The entries below should appear again in your reply, word for word.

******************************

(* Assume that $\mathcal{G}_{\log}\neq\emptyset$, that the set $\mathcal{X}\cap\Omega_{\log}$ is compact, and that the initial point $\mathbf{x}_0\in\mathcal{X}$ satisfies $g_\ell(\mathbf{x}_0)<0$ for all $\ell\in\mathcal{G}_{\log}$. Let $\{\mathbf{x}_k\}$, $\{\rho_k\}$, $\{\alpha_k\}$ be the sequences of iterates, penalty-barrier parameters and step-sizes generated by Algorithm LOG-DS. Then the index set $\mathcal{K}_\rho=\{k\in\mathbb{N}\mid \rho_{k+1}<\rho_k\}$ is infinite, $$\lim_{k\to+\infty}\rho_k=0,\qquad\text{and}\qquad \lim_{k\to+\infty,\ k\in\mathcal{K}_\rho}\alpha_k=0.$$
   Context: Problem (P): minimize $f(\mathbf{x})$ subject to $g_\ell(\mathbf{x})\le 0$ ($\ell=1,\dots,m$), $h_j(\mathbf{x})=0$ ($j=1,\dots,p$), $\mathbf{x}\in\mathcal{X}$, where $\mathcal{X}=\{\mathbf{x}\in\mathbb{R}^n\mid \mathbf{A}\mathbf{x}\le\mathbf{b}\}$ with $\mathbf{A}\in\mathbb{R}^{q\times n}$ (rows $\mathbf{a}_i^\top$), $\mathbf{b}\in\mathbb{R}^q$, and $f,g_\ell,h_j$ are real-valued and continuously differentiable on an open set containing $\mathcal{X}$. Given an initial point $\mathbf{x}_0$, set $\mathcal{G}_{\log}=\{\ell\in\{1,\dots,m\}\mid g_\ell(\mathbf{x}_0)<0\}$, $\mathcal{G}_{\rm ext}=\{\ell\in\{1,\dots,m\}\mid g_\ell(\mathbf{x}_0)\ge 0\}$, and $\Omega_{\log}=\{\mathbf{x}\in\mathbb{R}^n\mid g_\ell(\mathbf{x})\le 0,\ \ell\in\mathcal{G}_{\log}\}$. For $\rho>0$ and $\nu\in(1,2]$ the merit function is $$Z(\mathbf{x};\rho)=f(\mathbf{x})-\rho\sum_{\ell\in\mathcal{G}_{\log}}\log(-g_\ell(\mathbf{x}))+\frac{1}{\rho^{\nu-1}}\sum_{\ell\in\mathcal{G}_{\rm ext}}(\max\{g_\ell(\mathbf{x}),0\})^\nu+\frac{1}{\rho^{\nu-1}}\sum_{j=1}^p|h_j(\mathbf{x})|^\nu$$ if $\mathbf{x}\in\mathcal{X}$ and $g_\ell(\mathbf{x})<0$ for all $\ell\in\mathcal{G}_{\log}$, and $Z(\mathbf{x};\rho)=+\infty$ otherwise. A forcing function is a continuous nondecreasing $\xi:[0,+\infty)\to[0,+\infty)$ with $\xi(t)/t\to0$ as $t\downarrow0$ and such that $\xi(t_k)\to0$ implies $t_k\to0$. Algorithm LOG-DS. Data: $\mathbf{x}_0\in\mathcal{X}$ with $g_\ell(\mathbf{x}_0)<0$ for $\ell\in\mathcal{G}_{\log}$; a collection $\mathcal{D}$ of finite sets of unit vectors in $\mathbb{R}^n$; $\alpha_0>0$; $\rho_0>0$; $\nu\in(1,2]$; $\theta_\alpha,\theta_\rho\in(0,1)$; $\phi\ge1$; $\beta>1$; a forcing function $\xi$. At each iteration $k=0,1,2,\dots$: (Search, optional) if some $\mathbf{z}_k\in\mathcal{X}$ with $Z(\mathbf{z}_k;\rho_k)\le Z(\mathbf{x}_k;\rho_k)-\xi(\alpha_k)$ is found, set $\mathbf{x}_{k+1}=\mathbf{z}_k$, $\alpha_{k+1}=\phi\alpha_k$, $\rho_{k+1}=\rho_k$ (successful iteration) and go to iteration $k+1$. Otherwise (Poll) select $\mathcal{D}_k\in\mathcal{D}$; if some $\mathbf{d}\in\mathcal{D}_k$ satisfies $\mathbf{x}_k+\alpha_k\mathbf{d}\in\mathcal{X}$ and $Z(\mathbf{x}_k+\alpha_k\mathbf{d};\rho_k)\le Z(\mathbf{x}_k;\rho_k)-\xi(\alpha_k)$, set $\mathbf{x}_{k+1}=\mathbf{x}_k+\alpha_k\mathbf{d}$, $\alpha_{k+1}=\phi\alpha_k$, $\rho_{k+1}=\rho_k$ (successful iteration). Otherwise the iteration is unsuccessful: set $\mathbf{x}_{k+1}=\mathbf{x}_k$, $\alpha_{k+1}=\theta_\alpha\alpha_k$, and (Penalty-barrier update) with $(g_{\min})_k=\min_{\ell\in\mathcal{G}_{\log}}|g_\ell(\mathbf{x}_k)|$, set $\rho_{k+1}=\theta_\rho\rho_k$ if $\alpha_{k+1}\le\min\{\rho_k^\beta,(g_{\min})_k^2\}$, and $\rho_{k+1}=\rho_k$ otherwise. *)

theory Defs
  imports "HOL-Analysis.Analysis"
begin

definition C1_on :: "(real^'n) set \<Rightarrow> (real^'n \<Rightarrow> real) \<Rightarrow> bool" where
  "C1_on U f \<longleftrightarrow> (\<exists>G :: real^'n \<Rightarrow> real^'n.
      (\<forall>x\<in>U. (f has_derivative (\<lambda>v. G x \<bullet> v)) (at x)) \<and> continuous_on U G)"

******************************

- **Exercise solution**:
(* Assume that $\mathcal{G}_{\log}\neq\emptyset$, that the set $\mathcal{X}\cap\Omega_{\log}$ is compact, and that the initial point $\mathbf{x}_0\in\mathcal{X}$ satisfies $g_\ell(\mathbf{x}_0)<0$ for all $\ell\in\mathcal{G}_{\log}$. Let $\{\mathbf{x}_k\}$, $\{\rho_k\}$, $\{\alpha_k\}$ be the sequences of iterates, penalty-barrier parameters and step-sizes generated by Algorithm LOG-DS. Then the index set $\mathcal{K}_\rho=\{k\in\mathbb{N}\mid \rho_{k+1}<\rho_k\}$ is infinite, $$\lim_{k\to+\infty}\rho_k=0,\qquad\text{and}\qquad \lim_{k\to+\infty,\ k\in\mathcal{K}_\rho}\alpha_k=0.$$
   Context: Problem (P): minimize $f(\mathbf{x})$ subject to $g_\ell(\mathbf{x})\le 0$ ($\ell=1,\dots,m$), $h_j(\mathbf{x})=0$ ($j=1,\dots,p$), $\mathbf{x}\in\mathcal{X}$, where $\mathcal{X}=\{\mathbf{x}\in\mathbb{R}^n\mid \mathbf{A}\mathbf{x}\le\mathbf{b}\}$ with $\mathbf{A}\in\mathbb{R}^{q\times n}$ (rows $\mathbf{a}_i^\top$), $\mathbf{b}\in\mathbb{R}^q$, and $f,g_\ell,h_j$ are real-valued and continuously differentiable on an open set containing $\mathcal{X}$. Given an initial point $\mathbf{x}_0$, set $\mathcal{G}_{\log}=\{\ell\in\{1,\dots,m\}\mid g_\ell(\mathbf{x}_0)<0\}$, $\mathcal{G}_{\rm ext}=\{\ell\in\{1,\dots,m\}\mid g_\ell(\mathbf{x}_0)\ge 0\}$, and $\Omega_{\log}=\{\mathbf{x}\in\mathbb{R}^n\mid g_\ell(\mathbf{x})\le 0,\ \ell\in\mathcal{G}_{\log}\}$. For $\rho>0$ and $\nu\in(1,2]$ the merit function is $$Z(\mathbf{x};\rho)=f(\mathbf{x})-\rho\sum_{\ell\in\mathcal{G}_{\log}}\log(-g_\ell(\mathbf{x}))+\frac{1}{\rho^{\nu-1}}\sum_{\ell\in\mathcal{G}_{\rm ext}}(\max\{g_\ell(\mathbf{x}),0\})^\nu+\frac{1}{\rho^{\nu-1}}\sum_{j=1}^p|h_j(\mathbf{x})|^\nu$$ if $\mathbf{x}\in\mathcal{X}$ and $g_\ell(\mathbf{x})<0$ for all $\ell\in\mathcal{G}_{\log}$, and $Z(\mathbf{x};\rho)=+\infty$ otherwise. A forcing function is a continuous nondecreasing $\xi:[0,+\infty)\to[0,+\infty)$ with $\xi(t)/t\to0$ as $t\downarrow0$ and such that $\xi(t_k)\to0$ implies $t_k\to0$. Algorithm LOG-DS. Data: $\mathbf{x}_0\in\mathcal{X}$ with $g_\ell(\mathbf{x}_0)<0$ for $\ell\in\mathcal{G}_{\log}$; a collection $\mathcal{D}$ of finite sets of unit vectors in $\mathbb{R}^n$; $\alpha_0>0$; $\rho_0>0$; $\nu\in(1,2]$; $\theta_\alpha,\theta_\rho\in(0,1)$; $\phi\ge1$; $\beta>1$; a forcing function $\xi$. At each iteration $k=0,1,2,\dots$: (Search, optional) if some $\mathbf{z}_k\in\mathcal{X}$ with $Z(\mathbf{z}_k;\rho_k)\le Z(\mathbf{x}_k;\rho_k)-\xi(\alpha_k)$ is found, set $\mathbf{x}_{k+1}=\mathbf{z}_k$, $\alpha_{k+1}=\phi\alpha_k$, $\rho_{k+1}=\rho_k$ (successful iteration) and go to iteration $k+1$. Otherwise (Poll) select $\mathcal{D}_k\in\mathcal{D}$; if some $\mathbf{d}\in\mathcal{D}_k$ satisfies $\mathbf{x}_k+\alpha_k\mathbf{d}\in\mathcal{X}$ and $Z(\mathbf{x}_k+\alpha_k\mathbf{d};\rho_k)\le Z(\mathbf{x}_k;\rho_k)-\xi(\alpha_k)$, set $\mathbf{x}_{k+1}=\mathbf{x}_k+\alpha_k\mathbf{d}$, $\alpha_{k+1}=\phi\alpha_k$, $\rho_{k+1}=\rho_k$ (successful iteration). Otherwise the iteration is unsuccessful: set $\mathbf{x}_{k+1}=\mathbf{x}_k$, $\alpha_{k+1}=\theta_\alpha\alpha_k$, and (Penalty-barrier update) with $(g_{\min})_k=\min_{\ell\in\mathcal{G}_{\log}}|g_\ell(\mathbf{x}_k)|$, set $\rho_{k+1}=\theta_\rho\rho_k$ if $\alpha_{k+1}\le\min\{\rho_k^\beta,(g_{\min})_k^2\}$, and $\rho_{k+1}=\rho_k$ otherwise. *)

theory Defs
  imports "HOL-Analysis.Analysis"
begin

definition C1_on :: "(real^'n) set \<Rightarrow> (real^'n \<Rightarrow> real) \<Rightarrow> bool" where
  "C1_on U f \<longleftrightarrow> (\<exists>G :: real^'n \<Rightarrow> real^'n.
      (\<forall>x\<in>U. (f has_derivative (\<lambda>v. G x \<bullet> v)) (at x)) \<and> continuous_on U G)"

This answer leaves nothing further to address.